Task goal
Every line holding the string "states" is to be copied from the entries below.

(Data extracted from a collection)
(* Fix a base $B>1$, an integer $m\ge1$, and real numbers $a<b\le0$. Let $P_i^{(j)}$, $1\le i\le m$, $j\ge1$, be independent identically distributed random variables such that $\log_B P_i^{(j)}$ is uniformly distributed on $(a,b)$. Then the maximum side lengths $$\mathfrak{m}_1^{(n)}:=\max_{1\le i\le m}P_i^{(1)}P_i^{(2)}\cdots P_i^{(n)}$$ converge to strong Benford behavior in base $B$ as $n\to\infty$.
   Context: Significand: for $x>0$, $S_B(x)$ is the unique number in $[1,B)$ with $\log_B x-\log_B S_B(x)\in\mathbb{Z}$. A sequence of positive random variables $X^{(n)}$ converges to strong Benford behavior in base $B$ if $\mathbb{P}(S_B(X^{(n)})\le D)\to\log_B D$ for every $D\in[1,B]$. *)

theory Defs
  imports "HOL-Probability.Probability"
begin

definition significand :: "real \<Rightarrow> real \<Rightarrow> real" where
  "significand B x = (THE s. 1 \<le> s \<and> s < B \<and> log B x - log B s \<in> \<int>)"

definition strong_benford :: "'a measure \<Rightarrow> real \<Rightarrow> (nat \<Rightarrow> 'a \<Rightarrow> real) \<Rightarrow> bool" where
  "strong_benford M B X \<longleftrightarrow>
     (\<forall>D\<in>{1..B}. (\<lambda>n. measure M {x \<in> space M. significand B (X n x) \<le> D}) \<longlonglongrightarrow> log B D)"

end

theory Submission
  imports Defs
begin

text \<open>Taking logarithms in base B, the significand of the maximum is at most D iff the fractional
  part of G_n = max_i S_i is at most log_B D, where S_1, ..., S_m are independent random walks with
  uniform steps on (a, b). The law of each S_i becomes almost invariant under translations by
  t \<in> [0, 1] in total variation: its n-fold convolution power dominates a small multiple of
  Lebesgue measure on a long interval, and every further convolution with such a measure contracts
  the translation defect. Translating the walks one at a time shows that the law of G_n is almost
  translation invariant as well, and averaging over t \<in> [0, 1] turns this into
  P(frac G_n \<le> \<delta>) \<rightarrow> \<delta>.\<close>

section \<open>Convolution powers\<close>

lemma prob_space_convolution:
  fixes M N :: "'a::ordered_euclidean_space measure"
  assumes "prob_space M" "prob_space N" "sets M = sets borel" "sets N = sets borel"
  shows "prob_space (M \<star> N)"
proof -
  interpret M: prob_space M by fact
  interpret N: prob_space N by fact
  interpret pair_prob_space M N ..
  have "(\<lambda>(x, y). x + y :: 'a) \<in> borel_measurable (borel \<Otimes>\<^sub>M borel)"
    by measurable
  then have "(\<lambda>(x, y). x + y :: 'a) \<in> borel_measurable (M \<Otimes>\<^sub>M N)"
    unfolding measurable_cong_sets[OF sets_pair_measure_cong[OF assms(3,4)] refl] .
  then show ?thesis
    unfolding convolution_def by (rule prob_space_distr)
qed

lemma measurable_emeasure_translate:
  fixes \<mu> :: "'a::ordered_euclidean_space measure"
  assumes "sigma_finite_measure \<mu>" "sets \<mu> = sets borel" "A \<in> sets borel"
  shows "(\<lambda>x. emeasure \<mu> {a. a + x \<in> A}) \<in> borel_measurable borel"
proof -
  interpret sigma_finite_measure \<mu> by fact
  have "(\<lambda>p. snd p + fst p) \<in> borel_measurable (borel \<Otimes>\<^sub>M (borel :: 'a measure))"
    by (intro borel_measurable_add measurable_fst'' measurable_snd'') simp_all
  from measurable_sets[OF this assms(3)]
  have "{p. snd p + fst p \<in> A} \<in> sets (borel \<Otimes>\<^sub>M (borel :: 'a measure))"
    by (simp add: space_pair_measure vimage_def)
  then have "{p. snd p + fst p \<in> A} \<in> sets (borel \<Otimes>\<^sub>M \<mu>)"
    by (simp add: sets_pair_measure_cong[OF refl assms(2)])
  from measurable_emeasure_Pair[OF this] show ?thesis
    by (simp add: vimage_def)
qed

lemma measurable_measure_translate:
  fixes \<mu> :: "'a::ordered_euclidean_space measure"
  assumes "finite_measure \<mu>" "sets \<mu> = sets borel" "A \<in> sets borel"
  shows "(\<lambda>x. measure \<mu> {a. a + x \<in> A}) \<in> borel_measurable borel"
  unfolding measure_def
  using measurable_emeasure_translate[OF finite_measure.sigma_finite_measure[OF assms(1)] assms(2,3)]
  by measurable

lemma measure_convolution:
  fixes \<mu> \<nu> :: "'a::ordered_euclidean_space measure"
  assumes "prob_space \<nu>" "sets \<nu> = sets borel" "prob_space \<mu>" "sets \<mu> = sets borel" "A \<in> sets borel"
  shows "measure (\<nu> \<star> \<mu>) A = (\<integral>x. measure \<mu> {a. a + x \<in> A} \<partial>\<nu>)"
proof -
  interpret N: prob_space \<nu> by fact
  interpret M: prob_space \<mu> by fact
  have "(\<lambda>x. measure \<mu> {a. a + x \<in> A}) \<in> borel_measurable \<nu>"
    using measurable_measure_translate[OF M.finite_measure_axioms assms(4,5)]
    by (simp add: measurable_cong_sets[OF assms(2) refl])
  then have int: "integrable \<nu> (\<lambda>x. measure \<mu> {a. a + x \<in> A})"
    by (intro N.integrable_const_bound[where B=1]) auto
  have "emeasure (\<nu> \<star> \<mu>) A = (\<integral>\<^sup>+x. ennreal (measure \<mu> {a. a + x \<in> A}) \<partial>\<nu>)"
    using assms by (subst convolution_emeasure)
      (auto simp: N.finite_measure_axioms M.finite_measure_axioms M.emeasure_eq_measure
        sets_eq_imp_space_eq[OF assms(2)] sets_eq_imp_space_eq[OF assms(4)])
  also have "\<dots> = ennreal (\<integral>x. measure \<mu> {a. a + x \<in> A} \<partial>\<nu>)"
    by (rule nn_integral_eq_integral[OF int]) auto
  finally show ?thesis
    by (simp add: measure_def)
qed

lemma convolution_return_zero:
  fixes N :: "'a::ordered_euclidean_space measure"
  assumes "finite_measure N" "sets N = sets borel"
  shows "return borel 0 \<star> N = N"
proof (rule measure_eqI)
  interpret N: finite_measure N by fact
  interpret R: prob_space "return borel (0::'a)" by (rule prob_space_return) simp
  show "sets (return borel 0 \<star> N) = sets N"
    using assms by simp
  fix A assume "A \<in> sets (return borel 0 \<star> N)"
  then have A: "A \<in> sets borel" by simp
  have "emeasure (return borel 0 \<star> N) A = (\<integral>\<^sup>+x. emeasure N {a. a + x \<in> A} \<partial>return borel 0)"
    by (rule convolution_emeasure)
      (auto simp: assms A R.finite_measure_axioms N.finite_measure_axioms sets_eq_imp_space_eq[OF assms(2)])
  also have "\<dots> = emeasure N A"
    using measurable_emeasure_translate[OF N.sigma_finite_measure assms(2) A]
    by (subst nn_integral_return) auto
  finally show "emeasure (return borel 0 \<star> N) A = emeasure N A" .
qed
definition Cr_on :: "enat \<Rightarrow> (real^'n::finite) set \<Rightarrow> (real^'n \<Rightarrow> real) \<Rightarrow> bool" where
  "Cr_on r U g \<longleftrightarrow>
     (\<forall>is. enat (length is) \<le> r \<longrightarrow>
        continuous_on U (pds is g) \<and>
        (enat (length is) < r \<longrightarrow>
           (\<forall>i. \<forall>x\<in>U. (\<lambda>t. pds is g (x + t *\<^sub>R axis i 1)) differentiable (at 0))))"

definition mild :: "real \<Rightarrow> real \<Rightarrow> real \<Rightarrow> enat \<Rightarrow> (real^'n::finite) set \<Rightarrow> (real^'n \<Rightarrow> real) \<Rightarrow> bool" where
  "mild A B C r U g \<longleftrightarrow> Cr_on r U g \<and>
     (\<forall>x\<in>U. \<forall>is. enat (length is) \<le> r \<longrightarrow>
        \<bar>pds is g x\<bar> \<le> B powr (C + 1) * A ^ length is * (fact (length is)) powr (C + 1))"

definition weakly_mild :: "real \<Rightarrow> real \<Rightarrow> real \<Rightarrow> enat \<Rightarrow> (real^'n::finite) set \<Rightarrow> (real^'n \<Rightarrow> real) \<Rightarrow> bool" where
  "weakly_mild A B C r U g \<longleftrightarrow> Cr_on r U g \<and>
     (\<forall>x\<in>U. \<forall>is. enat (length is) \<le> r \<longrightarrow>
        \<bar>pds is g x\<bar> \<le> B powr (C + 1) * A ^ length is * (fact (length is)) powr (C + 1)
                        / (\<Prod>i\<in>UNIV. (x $ i) ^ count_list is i))"

end

theory Submission
  imports Defs
begin
text \<open>Every local state of F0 lies on a cycle through the initial state; affinity supplies a
  matching cycle of F1, and running both from the initial global state visits the state.\<close>
lemma deadlock_free_affine_state_reachable:
  assumes sp: "sr_pair Ma Mb F0 F1" and af: "affine Ma Mb F0 F1" and df: "deadlock_free F0 F1"
    and p: "p \<in> states F0"
  shows "\<exists>p1 xa xb. reachable F0 F1 ((p, p1), (xa, xb))"
proof -
  have sr0: "sr_machine Ma Mb F0" using sp by (simp add: sr_pair_def)
  then have "init F0 \<in> states F0" by (simp add: sr_machine_def is_fsm_def)
  then obtain x y where x: "path (trans F0) (init F0) x p" and y: "path (trans F0) p y (init F0)"
    using sr0 p unfolding sr_machine_def by blast
  then have xy: "path (trans F0) (init F0) (x @ y) (init F0)" by (auto simp: path_append_iff)
  then obtain z where z: "path (trans F1) (init F1) z (init F1)" and "drains Ma Mb [] [] (x @ y) z"
    using af by (auto simp: drains_def elim: affine_loop)
  moreover have "reachable F0 F1 ((init F0, init F1), ([], []))"
    by (simp add: reachable_def initial_gstate_def)
  ultimately show ?thesis
    using deadlock_free_run_prefix_reachable[OF sp df _ xy z _ x] by blast
qed

section \<open>Send cycles make a channel unbounded\<close>

lemma send_path_run:
  "path (trans F0) p w q \<Longrightarrow> \<forall>e \<in> set w. is_send e \<Longrightarrow>
    (gstep F0 F1)\<^sup>*\<^sup>* ((p, p1), (xa, xb)) ((q, p1), (xa @ map msg w, xb))"
proof (induction arbitrary: xa rule: path.induct)
  case (path_cons p e r w q)
  then obtain b where e: "e = Send b" by (cases e) auto
  then have "gstep F0 F1 ((p, p1), (xa, xb)) ((r, p1), (xa @ [b], xb))"
    using path_cons.hyps(1) by (simp add: gstep.send0)
  moreover have "(gstep F0 F1)\<^sup>*\<^sup>* ((r, p1), (xa @ [b], xb)) ((q, p1), ((xa @ [b]) @ map msg w, xb))"
    using path_cons.prems by (intro path_cons.IH) simp
  ultimately show ?case using e by (simp add: converse_rtranclp_into_rtranclp)
qed simp

lemma send_cycle_imp_unbounded:
  assumes "sr_pair Ma Mb F0 F1" "affine Ma Mb F0 F1" "deadlock_free F0 F1" "has_send_cycle F0"
  shows "\<not> bounded_channel F0 F1"
proof
  obtain p c where c: "c \<noteq> []" "path (trans F0) p c p" "\<forall>e \<in> set c. is_send e"
    using assms(4) unfolding has_send_cycle_iff has_cycle_within_def by blast
  have "is_fsm Ma Mb F0" using sr_pair_fsms[OF assms(1)] by simp
  then have "p \<in> states F0" using path_source_in_states[OF c(2) _ c(1)] by blast
  then obtain p1 xa xb where g: "reachable F0 F1 ((p, p1), (xa, xb))"
    using deadlock_free_affine_state_reachable[OF assms(1-3)] by blast
  have pump: "\<exists>xa'. reachable F0 F1 ((p, p1), (xa', xb)) \<and> n \<le> length xa'" for n
  proof (induction n)
    case (Suc n)
    then obtain xa' where "reachable F0 F1 ((p, p1), (xa', xb))" "n \<le> length xa'" by blast
    moreover have "reachable F0 F1 ((p, p1), (xa' @ map msg c, xb))"
      using reachable_run[OF calculation(1) send_path_run[OF c(2,3)]] .
    moreover have "Suc n \<le> length (xa' @ map msg c)" using calculation(2) c(1) by (cases c) auto
    ultimately show ?case by blast
  qed (use g in blast)
  assume "bounded_channel F0 F1"
  then obtain B where B: "\<And>p xa xb. reachable F0 F1 (p, (xa, xb)) \<Longrightarrow> length xa + length xb \<le> B"
    unfolding bounded_channel_def by blast
  obtain xa' where "reachable F0 F1 ((p, p1), (xa', xb))" "Suc B \<le> length xa'"
    using pump by blast
  then show False using B by (meson add_leE not_less_eq_eq)
qed
(* Let $n$ and $m$ be integers with $n\geq 2$ and $1\leq m\leq\binom{n}{2}$, and let $n'=\min\{\lfloor\frac{m+3}{2}\rfloor,n\}$. A two-terminal graph $G\in T_{n,m}$ is a $2$-uniformly most reliable two-terminal graph ($2$-UMRTTG) if and only if $G$ contains $A_{n',0}$ as a subgraph (as a two-terminal graph, i.e. with terminals corresponding to terminals).
   Context: All graphs are finite, simple and undirected. A two-terminal graph is a graph $G$ together with two distinguished vertices $s,t$ (the terminals). Two two-terminal graphs are isomorphic if there is a graph isomorphism between them mapping the set of terminals onto the set of terminals. $T_{n,m}$ denotes the set of all pairwise nonisomorphic two-terminal graphs with $n$ vertices and $m$ edges. For a positive integer $d$, a $d$-pathset of a two-terminal graph $G$ is a spanning subgraph of $G$ containing a path of length (number of edges) at most $d$ joining $s$ and $t$. For $\rho\in[0,1]$, $R_G^d(\rho)$ is the probability that the random spanning subgraph obtained from $G$ by deleting each edge independently with probability $\rho$ is a $d$-pathset. A graph $G\in T_{n,m}$ is a $d$-UMRTTG if $R_G^d(\rho)\geq R_H^d(\rho)$ for every $H\in T_{n,m}$ and every $\rho\in[0,1]$. For an integer $k\geq 2$, $A_{k,0}$ is the two-terminal graph with vertex set $\{s,t,v_3,\ldots,v_k\}$, terminals $s,t$, and edge set $\{st\}\cup\{sv_i,v_it:3\leq i\leq k\}$ (so $A_{2,0}$ is the single edge $st$). *)

theory Defs
  imports Main "HOL-Analysis.Analysis"
begin

definition two_terminal_graph :: "'a set \<Rightarrow> 'a set set \<Rightarrow> 'a \<Rightarrow> 'a \<Rightarrow> bool" where
  "two_terminal_graph V E s t \<longleftrightarrow>
     finite V \<and> E \<subseteq> {{u, v} | u v. u \<in> V \<and> v \<in> V \<and> u \<noteq> v} \<and>
     s \<in> V \<and> t \<in> V \<and> s \<noteq> t"

definition is_path :: "'a set set \<Rightarrow> 'a list \<Rightarrow> bool" where
  "is_path F xs \<longleftrightarrow> xs \<noteq> [] \<and> distinct xs \<and>
     (\<forall>i. Suc i < length xs \<longrightarrow> {xs ! i, xs ! Suc i} \<in> F)"

definition d_pathset :: "nat \<Rightarrow> 'a set set \<Rightarrow> 'a \<Rightarrow> 'a \<Rightarrow> bool" where
  "d_pathset d F s t \<longleftrightarrow>
     (\<exists>xs. is_path F xs \<and> hd xs = s \<and> last xs = t \<and> length xs - 1 \<le> d)"

text \<open>Probability that deleting each edge independently with probability rho
  leaves a d-pathset.\<close>
definition rel :: "nat \<Rightarrow> 'a set set \<Rightarrow> 'a \<Rightarrow> 'a \<Rightarrow> real \<Rightarrow> real" where
  "rel d E s t \<rho> =
     (\<Sum>F \<in> {F. F \<subseteq> E \<and> d_pathset d F s t}.
        (1 - \<rho>) ^ card F * \<rho> ^ card (E - F))"

definition UMRTTG :: "nat \<Rightarrow> 'a set \<Rightarrow> 'a set set \<Rightarrow> 'a \<Rightarrow> 'a \<Rightarrow> bool" where
  "UMRTTG d V E s t \<longleftrightarrow>
     (\<forall>(V'::'a set) E' s' t'. two_terminal_graph V' E' s' t' \<and> card V' = card V \<and> card E' = card E \<longrightarrow>
        (\<forall>\<rho>::real. 0 \<le> \<rho> \<and> \<rho> \<le> 1 \<longrightarrow> rel d E s t \<rho> \<ge> rel d E' s' t' \<rho>))"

Exercise result
    and p: "p \<in> states F0"
  then have "init F0 \<in> states F0" by (simp add: sr_machine_def is_fsm_def)
  then have "p \<in> states F0" using path_source_in_states[OF c(2) _ c(1)] by blast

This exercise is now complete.